Alton Brown couldn’t get dates.
It was the 1980s; he was a dirt-poor college kid.
And so — even though guys didn’t cook a lot then — he turned to the kitchen and invited girls for dinner, Brown told a Penn State audience Wednesday night.
He looked up French recipes. He scoured Bon Appetite magazine. He soon found a recipe that included ingredients useful not only for dinner, but also for breakfast. (Cue the audience: ‘Oooooooooh.’)
‘I counted recipes like other guys counted bases,’ Brown said. ‘All I really wanted was to get to third,’ en route to a breakfast-recipe ‘home run.’
The audience — just more than 2,000 people in Eisenhower Auditorium — roared with approval.
Brown, a best-selling author, magazine writer and Peabody-winning Food Network personality, appeared at Penn State as part of the annual Distinguished Speaker Series. He spoke for about 50 minutes before opening the floor to a 25-minute question-and-answer session. (To open a photo gallery from his University Park visit, click on the large image above.)
From his opening one-liners — ‘So it’s raining, and there’s nothing to do in this town’ — to the very end, the whole event was quintessential Brown: edgy, spontaneous and semi-risque, with two parts humor and one part practical advice. (Make no mistake, he said: College students should learn to cook.)
He offered some light insight into his upcoming projects — including, he said, a book about how to cook in college. On that front, Brown offered more than a half-dozen tips for ‘college culinarians.’
Among the tips: Crash art-gallery openings and pot-luck dinners, eat at retirement homes, snag unwanted room-service food and go Dumpster-diving for gourmet leftovers.
But do not — DO NOT — embrace Ramen-noodle-eating culture, Brown warned.
The trouble with Ramen, he deadpanned, is that it’s made partly with baby panda. (He flashed a huge photo of a wide-eyed panda on a projection screen.)
Some of Brown’s other wisdom:
- ‘I don’t believe in college students’ having microwaves,’ he said. Inevitably, he added, college guys will try to microwave stuff that’s not supposed to be microwaved — like raw, intact eggs and Marshmallow Peeps.
- A super-cooled solution in a blender can offer a speedy method for cooling a can of room-temperature beer. Brown demonstrated this skillfully. An audience member who presented Brown with identification was allowed to chug the cooled brew.
- Diet sodas are ‘bad; they’re evil,’ Brown said. In adjusting his own diet to drop 50 pounds, he said, he decided he’ll never drink diet soda again. He’s also cut way back on his meat and milk consumption, he said.
In a press conference before his talk, Brown said he was in State College for less than a day. (He had a Thursday-morning television appearance with Regis Philbin and Kelly Ripa scheduled in New York.)

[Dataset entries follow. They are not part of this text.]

(* If $G$ is a chordal graph of treewidth $w$ and with a resolving set of size $k$, then $w\leq 3^k$.
   Context: A graph is chordal if it has no induced cycle of length at least $4$. A set $R$ of vertices of a graph $G$ is a resolving set if for each pair $u,v$ of distinct vertices there is $x\in R$ with $d(x,u)\neq d(x,v)$. *)

theory Defs
  imports Main
begin

definition graph :: "'a set \<Rightarrow> ('a \<Rightarrow> 'a \<Rightarrow> bool) \<Rightarrow> bool" where
  "graph V E \<longleftrightarrow> finite V \<and> (\<forall>x y. E x y \<longrightarrow> E y x) \<and> (\<forall>x. \<not> E x x)
     \<and> (\<forall>x y. E x y \<longrightarrow> x \<in> V \<and> y \<in> V)"

definition is_path :: "('a \<Rightarrow> 'a \<Rightarrow> bool) \<Rightarrow> 'a list \<Rightarrow> bool" where
  "is_path E xs \<longleftrightarrow> xs \<noteq> [] \<and> distinct xs \<and> (\<forall>i. Suc i < length xs \<longrightarrow> E (xs ! i) (xs ! Suc i))"

definition connected_on :: "'a set \<Rightarrow> ('a \<Rightarrow> 'a \<Rightarrow> bool) \<Rightarrow> bool" where
  "connected_on S E \<longleftrightarrow> (\<forall>u\<in>S. \<forall>v\<in>S. \<exists>xs. is_path E xs \<and> hd xs = u \<and> last xs = v \<and> set xs \<subseteq> S)"

text \<open>Distance: number of edges of a shortest path (for connected graphs).\<close>

definition gdist :: "('a \<Rightarrow> 'a \<Rightarrow> bool) \<Rightarrow> 'a \<Rightarrow> 'a \<Rightarrow> nat" where
  "gdist E u v = (LEAST n. \<exists>xs. is_path E xs \<and> hd xs = u \<and> last xs = v \<and> length xs = Suc n)"

definition is_cycle :: "('a \<Rightarrow> 'a \<Rightarrow> bool) \<Rightarrow> 'a list \<Rightarrow> bool" where
  "is_cycle E xs \<longleftrightarrow> length xs \<ge> 3 \<and> is_path E xs \<and> E (last xs) (hd xs)"

definition induced_cycle :: "'a set \<Rightarrow> ('a \<Rightarrow> 'a \<Rightarrow> bool) \<Rightarrow> 'a list \<Rightarrow> bool" where
  "induced_cycle V E xs \<longleftrightarrow> is_cycle E xs \<and> set xs \<subseteq> V \<and>
     (\<forall>i<length xs. \<forall>j<length xs. E (xs ! i) (xs ! j) \<longrightarrow>
        j = Suc i mod length xs \<or> i = Suc j mod length xs)"

definition chordal :: "'a set \<Rightarrow> ('a \<Rightarrow> 'a \<Rightarrow> bool) \<Rightarrow> bool" where
  "chordal V E \<longleftrightarrow> \<not> (\<exists>xs. induced_cycle V E xs \<and> length xs \<ge> 4)"

definition resolving_set :: "'a set \<Rightarrow> ('a \<Rightarrow> 'a \<Rightarrow> bool) \<Rightarrow> 'a set \<Rightarrow> bool" where
  "resolving_set V E R \<longleftrightarrow> R \<subseteq> V \<and>
     (\<forall>u\<in>V. \<forall>v\<in>V. u \<noteq> v \<longrightarrow> (\<exists>x\<in>R. gdist E x u \<noteq> gdist E x v))"

definition is_tree :: "nat set \<Rightarrow> (nat \<Rightarrow> nat \<Rightarrow> bool) \<Rightarrow> bool" where
  "is_tree N T \<longleftrightarrow> graph N T \<and> N \<noteq> {} \<and> connected_on N T \<and> \<not> (\<exists>xs. is_cycle T xs)"

definition tree_decomposition ::
  "'a set \<Rightarrow> ('a \<Rightarrow> 'a \<Rightarrow> bool) \<Rightarrow> nat set \<Rightarrow> (nat \<Rightarrow> nat \<Rightarrow> bool) \<Rightarrow> (nat \<Rightarrow> 'a set) \<Rightarrow> bool" where
  "tree_decomposition V E N T B \<longleftrightarrow> is_tree N T \<and>
     (\<forall>t\<in>N. B t \<subseteq> V) \<and>
     (\<forall>v\<in>V. \<exists>t\<in>N. v \<in> B t) \<and>
     (\<forall>u v. E u v \<longrightarrow> (\<exists>t\<in>N. u \<in> B t \<and> v \<in> B t)) \<and>
     (\<forall>v\<in>V. connected_on {t\<in>N. v \<in> B t} T)"

definition decomp_width :: "nat set \<Rightarrow> (nat \<Rightarrow> 'a set) \<Rightarrow> nat" where
  "decomp_width N B = Max ((\<lambda>t. card (B t)) ` N) - 1"

definition treewidth :: "'a set \<Rightarrow> ('a \<Rightarrow> 'a \<Rightarrow> bool) \<Rightarrow> nat" where
  "treewidth V E = (LEAST w. \<exists>N T B. tree_decomposition V E N T B \<and> decomp_width N B = w)"

end

theory Submission
  imports Defs
begin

But he didn’t leave before having a State College meal: a cod dinner at the Nittany Lion Inn, with a sauce so hot that it numbed his tongue, he told reporters.
Asked if he could explain the U.S.’ unyielding fascination with cuisine, Brown said food is a unifying element in a society otherwise fragmented by politics, religion and other forces.
‘We all need to eat,’ he said. ‘ … We still need to have something that’s the same for all of us in this room.’
He soon added: ‘The real power that food has is the power to bring people together.’